• [What is needed]: Throughout the records below, find each line holding "intro" and copy it.

• [Source material]:
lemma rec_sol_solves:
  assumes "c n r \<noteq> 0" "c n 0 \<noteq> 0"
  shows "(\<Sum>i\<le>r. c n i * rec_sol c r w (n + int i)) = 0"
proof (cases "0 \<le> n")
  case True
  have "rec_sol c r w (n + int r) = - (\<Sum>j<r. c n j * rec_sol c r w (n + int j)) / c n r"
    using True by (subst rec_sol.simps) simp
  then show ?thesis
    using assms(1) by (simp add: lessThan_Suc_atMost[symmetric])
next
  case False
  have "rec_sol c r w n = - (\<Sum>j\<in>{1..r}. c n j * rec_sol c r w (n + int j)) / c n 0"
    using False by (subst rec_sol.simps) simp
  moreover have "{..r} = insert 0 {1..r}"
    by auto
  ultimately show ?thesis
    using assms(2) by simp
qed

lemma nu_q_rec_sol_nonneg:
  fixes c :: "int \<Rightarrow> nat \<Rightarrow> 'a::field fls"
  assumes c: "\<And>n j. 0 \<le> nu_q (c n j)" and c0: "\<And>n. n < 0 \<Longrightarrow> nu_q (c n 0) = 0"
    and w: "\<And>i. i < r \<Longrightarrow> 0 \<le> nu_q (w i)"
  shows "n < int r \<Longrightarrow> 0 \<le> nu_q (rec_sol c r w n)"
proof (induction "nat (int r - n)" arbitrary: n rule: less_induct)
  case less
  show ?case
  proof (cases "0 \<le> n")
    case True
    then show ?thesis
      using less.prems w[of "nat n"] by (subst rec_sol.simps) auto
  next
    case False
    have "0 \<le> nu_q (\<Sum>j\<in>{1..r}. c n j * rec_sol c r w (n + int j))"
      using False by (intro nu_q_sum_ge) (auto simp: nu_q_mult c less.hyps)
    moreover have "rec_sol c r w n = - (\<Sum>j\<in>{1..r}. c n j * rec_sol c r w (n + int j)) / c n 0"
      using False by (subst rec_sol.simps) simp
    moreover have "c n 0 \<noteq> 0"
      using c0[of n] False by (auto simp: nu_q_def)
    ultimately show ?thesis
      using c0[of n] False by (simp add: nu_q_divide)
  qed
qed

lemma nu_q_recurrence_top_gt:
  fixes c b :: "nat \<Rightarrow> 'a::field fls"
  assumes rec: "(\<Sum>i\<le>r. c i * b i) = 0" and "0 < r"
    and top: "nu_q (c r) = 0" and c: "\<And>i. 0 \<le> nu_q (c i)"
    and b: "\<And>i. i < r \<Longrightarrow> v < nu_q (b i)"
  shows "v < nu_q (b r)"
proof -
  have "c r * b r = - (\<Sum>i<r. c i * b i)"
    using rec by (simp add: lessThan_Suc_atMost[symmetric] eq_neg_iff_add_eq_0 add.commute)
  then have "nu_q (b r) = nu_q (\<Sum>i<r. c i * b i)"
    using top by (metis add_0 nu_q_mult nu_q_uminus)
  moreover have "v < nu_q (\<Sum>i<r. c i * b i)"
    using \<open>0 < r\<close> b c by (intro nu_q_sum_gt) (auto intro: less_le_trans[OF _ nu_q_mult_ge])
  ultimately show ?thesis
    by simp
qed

• [Response to this task]:
      using False by (intro nu_q_sum_ge) (auto simp: nu_q_mult c less.hyps)
    using \<open>0 < r\<close> b c by (intro nu_q_sum_gt) (auto intro: less_le_trans[OF _ nu_q_mult_ge])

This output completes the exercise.